Your task
The required answer is every line of the data containing the word "show".
[Opening Dataset content section]
lemma prim_rec_pairing_diagonal: "prim_rec A \<Longrightarrow> prim_rec (\<lambda>xs. pairing_diagonal (A xs))"
  by (rule prim_rec_recursion[where F = "\<lambda>m p q. pairing_diagonal m" and P = "\<lambda>xs. 0" and Q = "\<lambda>xs. 0"
        and g = "\<lambda>p q. 0" and h = "\<lambda>k r p q. if triangle (Suc r) \<le> Suc k then Suc r else r"])
    (intro prim_rec_intros | simp add: pairing_diagonal_def)+

lemma prim_rec_prod_decode [prim_rec_intros]:
  "prim_rec A \<Longrightarrow> prim_rec (\<lambda>xs. fst (prod_decode (A xs)))"
  "prim_rec A \<Longrightarrow> prim_rec (\<lambda>xs. snd (prod_decode (A xs)))"
  unfolding prod_decode_pairing_diagonal by (simp_all, intro prim_rec_intros prim_rec_pairing_diagonal)+

section \<open>Replacing the oracle by a primitive recursive function\<close>

primrec arity :: "prscheme \<Rightarrow> nat" where
  "arity PZero = 0"
| "arity PSucc = 1"
| "arity (PProj i) = Suc i"
| "arity (PComp f gs) = foldr max (map arity gs) 0"
| "arity (PRec g h) = max (Suc (arity g)) (arity h - 1)"
| "arity POracle = 1"

lemma foldr_max_ge: "x \<in> set xs \<Longrightarrow> x \<le> foldr max xs (0::nat)"
  by (induction xs) auto

lemma peval_cong_arity:
  "(\<forall>i<n. arg i xs = arg i ys) \<Longrightarrow> arity S \<le> n \<Longrightarrow> peval S \<rho> xs = peval S \<rho> ys"
proof (induction S arbitrary: n xs ys)
  case (PComp f gs)
  have "peval g \<rho> xs = peval g \<rho> ys" if "g \<in> set gs" for g
    using PComp.IH(2)[OF that] PComp.prems foldr_max_ge[of "arity g" "map arity gs"] that by auto
  then have "map (\<lambda>g. peval g \<rho> xs) gs = map (\<lambda>g. peval g \<rho> ys) gs"
    by (rule map_cong[OF refl])
  then show ?case by (simp only: peval.simps)
next
  case (PRec g h)
  have "peval g \<rho> (drop 1 xs) = peval g \<rho> (drop 1 ys)"
    by (rule PRec.IH(1)[of "n - 1"]) (use PRec.prems in auto)
  moreover have "peval h \<rho> (k # r # drop 1 xs) = peval h \<rho> (k # r # drop 1 ys)" for k r
  proof (rule PRec.IH(2)[of "Suc n"])
    show "\<forall>i<Suc n. arg i (k # r # drop 1 xs) = arg i (k # r # drop 1 ys)"
    proof (intro allI impI)
      fix i assume "i < Suc n"
      with PRec.prems(1) show "arg i (k # r # drop 1 xs) = arg i (k # r # drop 1 ys)"
        by (cases i; cases "i - 1") auto
    qed
  qed (use PRec.prems in auto)
  moreover have "arg 0 xs = arg 0 ys" using PRec.prems by auto
  ultimately show ?case by simp
qed auto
[Closing Dataset content section]
Finished task
  then show ?case by (simp only: peval.simps)
    show "\<forall>i<Suc n. arg i (k # r # drop 1 xs) = arg i (k # r # drop 1 ys)"
      with PRec.prems(1) show "arg i (k # r # drop 1 xs) = arg i (k # r # drop 1 ys)"
  ultimately show ?case by simp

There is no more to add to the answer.